As Hannah describes it in the documentary, I hope for it“Apparently, 7,000 women come to the camp. There is no place for them, so the Germans set up large tents for them. Then someone tells me, “Your friend Anne Frank is here.” I couldn’t believe it. We all thought they went to Switzerland. At night I tried to get as close as possible to [barbed wire] fence [stuffed with matting so the prisoners couldn’t see each other through it].
“And somehow I cry,” Hello? Hello?’ And a woman answers me. It was Mrs. Van Pels, the woman who had been hiding with Anne. We talked for half a minute – it was too dangerous. And she just said to me, “Oh, you want Ania?” And she went, and after about seven minutes she came back with Ania.
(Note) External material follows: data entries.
text \<open>All three conditions are equivalent to: for every x, either x or 1 - x is a unit.
  Under this condition every idempotent e is trivial, since one of e, 1 - e is invertible
  and e (1 - e) = 0; and every x is 0 + x or 1 + (x - 1). Conversely a decomposition
  x = e + u with e \<in> {0, 1} makes x or 1 - x a unit. The condition also makes one-sided
  inverses two-sided, so the non-units form a left ideal, necessarily the largest proper
  one. In a local ring, Zorn's lemma puts every element without a left inverse into the
  maximal left ideal M; M cannot contain a left-invertible a with a y = 1, for then
  1 - y a \<in> M as well, because (1 - y a) y = 0.\<close>

lemma ring_unit_minus: "ring_unit (x::'a::ring_1) \<Longrightarrow> ring_unit (- x)"
  unfolding ring_unit_def by (metis minus_mult_minus)

lemma star_ring_zero: "star_ring st \<Longrightarrow> st 0 = (0::'a::ring_1)"
  unfolding star_ring_def by (metis add_0 add_cancel_left_left)

lemma star_ring_one: "star_ring st \<Longrightarrow> st 1 = (1::'a::ring_1)"
  unfolding star_ring_def by (metis mult_1_left)

lemma idempotent_trivial_if_unit_or_one_minus_unit:
  assumes units: "\<And>x::'a::ring_1. ring_unit x \<or> ring_unit (1 - x)"
    and idem: "e * e = (e::'a)"
  shows "e = 0 \<or> e = 1"
proof (cases "ring_unit e")
  case True
  then obtain v where "v * e = 1" unfolding ring_unit_def by blast
  then have "e = (v * e) * e" by simp
  also have "\<dots> = v * (e * e)" by (simp only: mult.assoc)
  also have "\<dots> = 1" using idem \<open>v * e = 1\<close> by simp
  finally show ?thesis by simp
next
  case False
  with units obtain v where v: "v * (1 - e) = 1" unfolding ring_unit_def by blast
  from idem have "(1 - e) * e = 0" by (simp add: algebra_simps)
  then have "(v * (1 - e)) * e = 0" by (simp add: mult.assoc)
  with v show ?thesis by simp
qed

lemma decomposition_iff_unit_or_one_minus_unit:
  fixes Q :: "'a::ring_1 \<Rightarrow> bool"
  assumes "Q 0" "Q 1" and Q_idem: "\<And>e. Q e \<Longrightarrow> e * e = e"
  shows "((\<forall>x. \<exists>e u. Q e \<and> ring_unit u \<and> x = e + u) \<and> (\<forall>e. Q e \<longrightarrow> e = 0 \<or> e = 1))
     \<longleftrightarrow> (\<forall>x::'a. ring_unit x \<or> ring_unit (1 - x))"
proof
  assume decomp: "(\<forall>x. \<exists>e u. Q e \<and> ring_unit u \<and> x = e + u) \<and> (\<forall>e. Q e \<longrightarrow> e = 0 \<or> e = 1)"
  show "\<forall>x::'a. ring_unit x \<or> ring_unit (1 - x)"
  proof
    fix x :: 'a
    from decomp obtain e u where "e = 0 \<or> e = 1" "ring_unit u" "x = e + u" by blast
    then consider "x = u" | "1 - x = - u" by fastforce
    then show "ring_unit x \<or> ring_unit (1 - x)"
      using \<open>ring_unit u\<close> ring_unit_minus[of u] by cases simp_all
  qed
next
  assume units: "\<forall>x::'a. ring_unit x \<or> ring_unit (1 - x)"
  have "\<exists>e u. Q e \<and> ring_unit u \<and> x = e + u" for x
  proof (cases "ring_unit x")
    case True
    with \<open>Q 0\<close> have "Q 0 \<and> ring_unit x \<and> x = 0 + x" by simp
    then show ?thesis by blast
  next
    case False
    with units have "ring_unit (- (1 - x))" using ring_unit_minus by blast
    with \<open>Q 1\<close> have "Q 1 \<and> ring_unit (- (1 - x)) \<and> x = 1 + - (1 - x)" by simp
    then show ?thesis by blast
  qed
  moreover have "e = 0 \<or> e = 1" if "Q e" for e
    using units Q_idem[OF that] by (intro idempotent_trivial_if_unit_or_one_minus_unit) blast+
  ultimately show "(\<forall>x. \<exists>e u. Q e \<and> ring_unit u \<and> x = e + u) \<and> (\<forall>e. Q e \<longrightarrow> e = 0 \<or> e = 1)"
    by blast
qed

lemma left_ideal_add:
  assumes "left_ideal J" "x \<in> J" "y \<in> J"
  shows "x + (y::'a::ring_1) \<in> J"
proof -
  from assms have "0 - y \<in> J" unfolding left_ideal_def by blast
  with assms have "x - (0 - y) \<in> J" unfolding left_ideal_def by blast
  then show ?thesis by simp
qed

lemma left_ideal_eq_UNIV_iff:
  assumes "left_ideal J"
  shows "J = UNIV \<longleftrightarrow> (1::'a::ring_1) \<in> J"
proof
  assume "1 \<in> J"
  with assms have "r * 1 \<in> J" for r unfolding left_ideal_def by blast
  then show "J = UNIV" by auto
qed simp

lemma left_ideal_proper_no_left_inverse:
  assumes "left_ideal J" "J \<noteq> UNIV" "x \<in> J"
  shows "a * x \<noteq> (1::'a::ring_1)"
proof
  assume "a * x = 1"
  moreover have "a * x \<in> J" using assms(1,3) unfolding left_ideal_def by blast
  ultimately show False using assms(1,2) left_ideal_eq_UNIV_iff by auto
qed

lemma left_ideal_principal: "left_ideal (range (\<lambda>r. r * (x::'a::ring_1)))"
  unfolding left_ideal_def
  by (auto simp: mult.assoc[symmetric] left_diff_distrib[symmetric] intro: range_eqI[of _ _ 0])

lemma chain_subset_left_ideal_Union:
  assumes "chain\<^sub>\<subseteq> C" "C \<noteq> {}" "\<And>J. J \<in> C \<Longrightarrow> left_ideal J"
  shows "left_ideal (\<Union>C :: 'a::ring_1 set)"
  unfolding left_ideal_def
proof (intro conjI ballI allI)
  show "0 \<in> \<Union>C" using assms(2,3) unfolding left_ideal_def by blast
next
  fix u v assume "u \<in> \<Union>C" "v \<in> \<Union>C"
  then obtain X Y where "X \<in> C" "Y \<in> C" "u \<in> X" "v \<in> Y" by blast
  moreover have "X \<subseteq> Y \<or> Y \<subseteq> X"
    using assms(1) \<open>X \<in> C\<close> \<open>Y \<in> C\<close> unfolding chain_subset_def by blast
  ultimately show "u - v \<in> \<Union>C" using assms(3) unfolding left_ideal_def by blast
next
  fix r u assume "u \<in> \<Union>C"
  then show "r * u \<in> \<Union>C" using assms(3) unfolding left_ideal_def by blast
qed

lemma maximal_left_ideal_containing:
  fixes I :: "'a::ring_1 set"
  assumes "left_ideal I" "I \<noteq> UNIV"
  shows "\<exists>M. maximal_left_ideal M \<and> I \<subseteq> M"
proof -
  define A where "A = {J. left_ideal J \<and> I \<subseteq> J \<and> 1 \<notin> J}"
  have "\<exists>M\<in>A. \<forall>J\<in>A. M \<subseteq> J \<longrightarrow> J = M"
  proof (rule subset_Zorn_nonempty)
    show "A \<noteq> {}" using assms left_ideal_eq_UNIV_iff unfolding A_def by blast
  next
    fix C assume "C \<noteq> {}" "subset.chain A C"
    then have "C \<subseteq> A" "chain\<^sub>\<subseteq> C" by (auto simp: chain_subset_alt_def subset.chain_def)
    with \<open>C \<noteq> {}\<close> have "left_ideal (\<Union>C)"
      using chain_subset_left_ideal_Union unfolding A_def by blast
    moreover have "I \<subseteq> \<Union>C" "1 \<notin> \<Union>C" using \<open>C \<subseteq> A\<close> \<open>C \<noteq> {}\<close> unfolding A_def by auto
    ultimately show "\<Union>C \<in> A" unfolding A_def by blast
  qed
  then obtain M where "M \<in> A" and M_max: "\<And>J. J \<in> A \<Longrightarrow> M \<subseteq> J \<Longrightarrow> J = M" by blast
  have "maximal_left_ideal M"
    unfolding maximal_left_ideal_def
  proof (intro conjI allI impI)
    show "left_ideal M" "M \<noteq> UNIV" using \<open>M \<in> A\<close> unfolding A_def by auto
  next
    fix J assume "left_ideal J \<and> M \<subseteq> J \<and> J \<noteq> UNIV"
    with \<open>M \<in> A\<close> have "J \<in> A" "M \<subseteq> J" using left_ideal_eq_UNIV_iff unfolding A_def by auto
    then show "J = M" by (rule M_max)
  qed
  with \<open>M \<in> A\<close> show ?thesis unfolding A_def by blast
qed
(* Let $\gamma$ be a positive integer, $1\le n'\le n$, and $\lambda_1,\dots,\lambda_n\in\mathbb C$. Assume (Condition 1) there exist $0\le\theta_{\Lambda'}<2\pi$ and $0<\delta_{\Lambda'}<\pi/2$ with $\{\lambda_1,\dots,\lambda_{n'}\}\subset\{\eta\ne0:|\arg\eta-\theta_{\Lambda'}|<\delta_{\Lambda'}\}$, and (Condition 2) $\sum_{j=1}^{n'}\lambda_jm_j-\lambda_i\ne0$ for all $m\in\mathbb N^{n'}$ with $|m|\ge2$ and all $1\le i\le n$. Let $\mathfrak L=\bigcup_{i=1}^n\{\sum_{j=1}^{n'}\lambda_jm_j-\lambda_i: m\in\mathbb N^{n'},|m|\ge2\}$. Then there exist an interval $\widehat J=(\widehat\theta_0-\widehat\epsilon_0,\widehat\theta_0+\widehat\epsilon_0)$ with $\widehat\epsilon_0>0$ and a constant $C_{\widehat J}>0$ such that $S(\widehat J)\cap(-\overline{\mathfrak L})=\emptyset$ and $$\Big|\gamma\eta+\sum_{j=1}^{n'}\lambda_jm_j-\lambda_i\Big|\ge C_{\widehat J}(|\eta|+|m|)$$ for all $\eta\in S(\widehat J)$, all $1\le i\le n$ and all $m\in\mathbb N^{n'}$ with $|m|\ge2$.
   Context: $\mathbb N$ is the set of nonnegative integers, $|m|=\sum_j m_j$. For an open interval $J$, $S(J)=\{x\in\mathbb C\setminus\{0\}:\arg x\in J\}$. $\overline{\mathfrak L}$ is the closure of $\mathfrak L$ in $\mathbb C$. *)

theory Defs
  imports "HOL-Analysis.Analysis"
begin

definition sector :: "real set \<Rightarrow> complex set" where
  "sector J = {x. x \<noteq> 0 \<and> (\<exists>t\<in>J. x = complex_of_real (norm x) * cis t)}"

text \<open>Multi-indices m in N^{n'}, represented as functions nat => nat supported in {1..n'}.\<close>
definition multi_idx :: "nat \<Rightarrow> (nat \<Rightarrow> nat) set" where
  "multi_idx n' = {m. \<forall>j. j \<notin> {1..n'} \<longrightarrow> m j = 0}"

definition mabs :: "nat \<Rightarrow> (nat \<Rightarrow> nat) \<Rightarrow> nat" where
  "mabs n' m = (\<Sum>j=1..n'. m j)"

definition Lset :: "nat \<Rightarrow> nat \<Rightarrow> (nat \<Rightarrow> complex) \<Rightarrow> complex set" where
  "Lset n n' lam = (\<Union>i\<in>{1..n}. {(\<Sum>j=1..n'. lam j * of_nat (m j)) - lam i | m.
      m \<in> multi_idx n' \<and> mabs n' m \<ge> 2})"

end

theory Submission
  imports Defs
begin
lemma unitary_mat_columns_orthonormal:
  assumes "unitary_mat n U" "l < n" "j < n"
  shows "(\<Sum>k<n. cnj (U $$ (k,l)) * U $$ (k,j)) = (if l = j then 1 else 0)"
proof -
  have U: "U \<in> carrier_mat n n" and UU: "U * mat_adjoint U = 1\<^sub>m n"
    using assms(1) unfolding unitary_mat_def by auto
  have "mat_adjoint U * U = 1\<^sub>m n"
    by (rule mat_mult_left_right_inverse[OF U mat_adjoint_carrier[OF U] UU])
  moreover have "(mat_adjoint U * U) $$ (l,j) = (\<Sum>k<n. cnj (U $$ (k,l)) * U $$ (k,j))"
    using assms(2,3) U mat_adjoint_carrier[OF U]
    by (simp add: scalar_prod_def atLeast0LessThan mat_adjoint_index[OF U])
  ultimately show ?thesis using assms(2,3) by simp
qed

lemma unitary_mat_norm:
  assumes uni: "unitary_mat n U" and v: "v \<in> carrier_vec n"
  shows "vec_norm_sq (U *\<^sub>v v) = vec_norm_sq v"
proof -
  have U: "U \<in> carrier_mat n n" using uni by (rule unitary_mat_carrier)
  have "complex_of_real (vec_norm_sq (U *\<^sub>v v)) = (\<Sum>k<n. (U *\<^sub>v v) $ k * cnj ((U *\<^sub>v v) $ k))"
    using U by (simp only: vec_norm_sq_def of_real_sum complex_norm_square) simp
  also have "\<dots> = (\<Sum>k<n. \<Sum>j<n. \<Sum>l<n. (U $$ (k,j) * v $ j) * cnj (U $$ (k,l) * v $ l))"
    by (intro sum.cong refl) (simp add: mult_mat_vec_index_sum[OF U v] cnj_sum sum_product)
  also have "\<dots> = (\<Sum>j<n. \<Sum>l<n. \<Sum>k<n. (U $$ (k,j) * v $ j) * cnj (U $$ (k,l) * v $ l))"
    by (subst sum.swap, rule sum.cong[OF refl], rule sum.swap)
  also have "\<dots> = (\<Sum>j<n. \<Sum>l<n. v $ j * cnj (v $ l) * (\<Sum>k<n. cnj (U $$ (k,l)) * U $$ (k,j)))"
    by (intro sum.cong refl) (simp add: sum_distrib_left algebra_simps)
  also have "\<dots> = (\<Sum>j<n. v $ j * cnj (v $ j))"
    by (intro sum.cong refl)
       (simp add: unitary_mat_columns_orthonormal[OF uni] if_distrib[of "\<lambda>z. _ * z"] sum.delta cong: if_cong)
  also have "\<dots> = complex_of_real (vec_norm_sq v)"
    using v by (simp only: vec_norm_sq_def of_real_sum complex_norm_square) simp
  finally show ?thesis by (simp only: of_real_eq_iff)
qed

lemma run_carrier:
  assumes "\<forall>U \<in> set Us. U \<in> carrier_mat n n" "Q \<in> carrier_mat n n" "v \<in> carrier_vec n"
  shows "run Us Q v \<in> carrier_vec n"
  using assms by (induction Us Q v rule: run.induct) auto

lemma run_norm:
  assumes "\<forall>U \<in> set Us. unitary_mat n U" "Q \<in> carrier_mat n n"
    and "\<And>u. u \<in> carrier_vec n \<Longrightarrow> vec_norm_sq (Q *\<^sub>v u) = vec_norm_sq u"
    and "v \<in> carrier_vec n"
  shows "vec_norm_sq (run Us Q v) = vec_norm_sq v"
  using assms
proof (induction Us Q v rule: run.induct)
  case (3 U V Us Q v)
  have U: "unitary_mat n U" and v: "v \<in> carrier_vec n" using "3.prems" by simp_all
  then have "U *\<^sub>v v \<in> carrier_vec n" using unitary_mat_carrier by (meson mult_mat_vec_carrier)
  with "3" show ?case by (simp add: unitary_mat_norm[OF U v])
qed (auto simp: unitary_mat_norm)

definition bsign :: "bool \<Rightarrow> 'a :: ring_1" where
  "bsign b = (if b then -1 else 1)"

lemma bsign_simps [simp]:
  "bsign True = -1" "bsign False = 1" "of_real (bsign b) = bsign b" "cnj (bsign b) = bsign b"
  by (simp_all add: bsign_def)

lemma query_op_carrier: "query_op m W x \<in> carrier_mat (qdim m W) (qdim m W)"
  by (simp add: query_op_def)

lemma query_op_mult_index:
  "v \<in> carrier_vec (qdim m W) \<Longrightarrow> k < qdim m W \<Longrightarrow>
    (query_op m W x *\<^sub>v v) $ k = bsign (x (in_reg W k)) * v $ k"
  by (simp add: query_op_def scalar_prod_def bsign_def if_distrib[of "\<lambda>z. z * _"] cong: if_cong)

lemma query_op_norm:
  "v \<in> carrier_vec (qdim m W) \<Longrightarrow> vec_norm_sq (query_op m W x *\<^sub>v v) = vec_norm_sq v"
  using query_op_carrier[of m W x]
  unfolding vec_norm_sq_def
  by (intro sum.cong) (auto simp del: index_mult_mat_vec simp: query_op_mult_index norm_mult bsign_def)

lemma final_state_carrier:
  "\<forall>U \<in> set Us. unitary_mat (qdim m W) U \<Longrightarrow> final_state m W Us x \<in> carrier_vec (qdim m W)"
  unfolding final_state_def
  by (rule run_carrier) (auto simp: unitary_mat_carrier query_op_carrier)

lemma final_state_norm:
  assumes "W \<ge> 1" "\<forall>U \<in> set Us. unitary_mat (qdim m W) U"
  shows "vec_norm_sq (final_state m W Us x) = 1"
proof -
  have "0 < qdim m W" using assms(1) by (simp add: qdim_def)
  then have "vec_norm_sq (unit_vec (qdim m W) 0) = 1"
    by (simp add: vec_norm_sq_def unit_vec_def if_distrib[of "\<lambda>z. (cmod z)\<^sup>2"] cong: if_cong)
  then show ?thesis
    unfolding final_state_def
    by (subst run_norm[OF assms(2) query_op_carrier]) (simp_all add: query_op_norm)
qed

lemma prob_out_True_plus_False:
  assumes "\<forall>U \<in> set Us. unitary_mat (qdim m W) U"
  shows "prob_out m W Us x True + prob_out m W Us x False = vec_norm_sq (final_state m W Us x)"
proof -
  have "{k. k < qdim m W \<and> out_reg k = True} = {..<qdim m W} \<inter> Collect out_reg"
    and "{k. k < qdim m W \<and> out_reg k = False} = {..<qdim m W} - Collect out_reg" by auto
  then show ?thesis
    using final_state_carrier[OF assms, of x]
    unfolding prob_out_def vec_norm_sq_def
    by (simp add: sum.Int_Diff[of "{..<qdim m W}" _ "Collect out_reg", symmetric])
qed

lemma computes_exactly_accept_prob:
  assumes "computes_exactly m h t W Us" "x \<in> inputs m"
  shows "prob_out m W Us x True = of_bool (h x)"
  using assms prob_out_True_plus_False[of Us m W x] final_state_norm[of W Us m x]
  unfolding computes_exactly_def by (cases "h x") auto

text \<open>The input bit x_0 = 0 supplies the constant term.\<close>
lemma one_query_amplitudes:
  assumes ce: "computes_exactly m h t W Us" and t: "t \<le> 1"
  shows "\<exists>g w. \<forall>x k. \<not> x 0 \<longrightarrow> k < qdim m W \<longrightarrow>
    final_state m W Us x $ k = (\<Sum>l<qdim m W. bsign (x (g l)) * w k l)"
proof -
  let ?D = "qdim m W"
  have W: "W \<ge> 1" and len: "length Us = t + 1" and uni: "\<forall>U \<in> set Us. unitary_mat ?D U"
    using ce unfolding computes_exactly_def by auto
  have D: "0 < ?D" using W by (simp add: qdim_def)
  consider U0 where "Us = [U0]" | U0 U1 where "Us = [U0, U1]"
    using len t by (metis One_nat_def Suc_eq_plus1 le_Suc_eq le_zero_eq length_0_conv length_Suc_conv)
  then show ?thesis
  proof cases
    case 1
    define \<phi> where "\<phi> = U0 *\<^sub>v unit_vec ?D 0"
    have "final_state m W Us x = \<phi>" for x by (simp add: final_state_def 1 \<phi>_def)
    then have "final_state m W Us x $ k = (\<Sum>l<?D. bsign (x 0) * (if l = 0 then \<phi> $ k else 0))"
      if "\<not> x 0" for x k
      using D that by simp
    then show ?thesis by (intro exI[of _ "\<lambda>l. 0"] exI[of _ "\<lambda>k l. if l = 0 then \<phi> $ k else 0"]) simp
  next
    case 2
    define \<phi> where "\<phi> = U0 *\<^sub>v unit_vec ?D 0"
    have U1: "U1 \<in> carrier_mat ?D ?D" and \<phi>: "\<phi> \<in> carrier_vec ?D"
      using uni 2 unfolding \<phi>_def by (auto dest!: unitary_mat_carrier)
    have "final_state m W Us x $ k = (\<Sum>l<?D. bsign (x (in_reg W l)) * (U1 $$ (k,l) * \<phi> $ l))"
      if k: "k < ?D" for x k
    proof -
      have fs: "final_state m W Us x = U1 *\<^sub>v (query_op m W x *\<^sub>v \<phi>)"
        by (simp add: final_state_def 2 \<phi>_def)
      have "final_state m W Us x $ k = (\<Sum>l<?D. U1 $$ (k,l) * (query_op m W x *\<^sub>v \<phi>) $ l)"
        unfolding fs by (rule mult_mat_vec_index_sum[OF U1 mult_mat_vec_carrier[OF query_op_carrier \<phi>] k])
      also have "\<dots> = (\<Sum>l<?D. bsign (x (in_reg W l)) * (U1 $$ (k,l) * \<phi> $ l))"
        by (intro sum.cong refl) (simp del: index_mult_mat_vec add: query_op_mult_index[OF \<phi>])
      finally show ?thesis .
    qed
    then show ?thesis by (intro exI[of _ "in_reg W"] exI[of _ "\<lambda>k l. U1 $$ (k,l) * \<phi> $ l"]) simp
  qed
qed

section \<open>The polynomial method for three variables\<close>

definition input3 :: "bool \<Rightarrow> bool \<Rightarrow> bool \<Rightarrow> nat \<Rightarrow> bool" where
  "input3 a b c i = (i = 1 \<and> a \<or> i = 2 \<and> b \<or> i = 3 \<and> c)"

lemma input3_in_inputs: "input3 a b c \<in> inputs 3"
  unfolding input3_def inputs_def by auto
“And it wasn’t really Anne, the nice girl I knew from Amsterdam. Sad little girl. First, we both cried. – How did you get here? And I ask: “You’re not in Switzerland with your grandmother?” She said, “No, we never went to Switzerland, we hid in Daddy’s office and got betrayed.” And then we talked about the family very briefly. I told her my father was very sick. And then she asked if I could help with the food. So I said, “Anna, I’ll see what I can do. Come back in two or three days. And I really didn’t come with anything after three days, right? That’s so much. A bit of football with a few cookies – we got, you know, that bread that you can keep for a long time – some of this and some prunes, and I don’t remember, a piece of sugar. And we put something in our clothes, gloves and socks. And I said, “Ania, watch out, I’m throwing it over the fence.” But I couldn’t see her – had to quit on hearing it. And there were many other hungry women, and one of them grabbed the package and ran away with her, and Ania screamed and cried, it was so sad. I needed to calm her down. And then I said: “Ania, we will try again. Come back in two or three days. And we did it again and she grabbed the package but that was over. We saw each other at the end of February, but then we didn’t see each other anymore. “
In April 1945, Hannah and her sister were among 2,500 prisoners in a German train heading west to another camp, but the train was stopped outside the city in later East Germany. The German guards escaped, leaving the emaciated passengers for release by the Red Guards, which later handed them over to the Americans. In July of the same year in Amsterdam, Hannah heard from Otto Frank that Anne had died. In 1947, Hannah emigrated to Israel, where her sister joined her two years later. She trained as a nurse and looked after Israeli soldiers in combat zones during the Revolutionary War.
As a mother, grandmother, and great-grandmother, she often wondered how it could have been otherwise with Anne, a survivor testifying to her lost friend, Hannah.
“When I go and talk about the Holocaust,” Hannah said, “I always say that I think we’re all made in God’s image, and if we have a different color, a different religion, or even a different meaning, we should try to live more in peace together. I hope.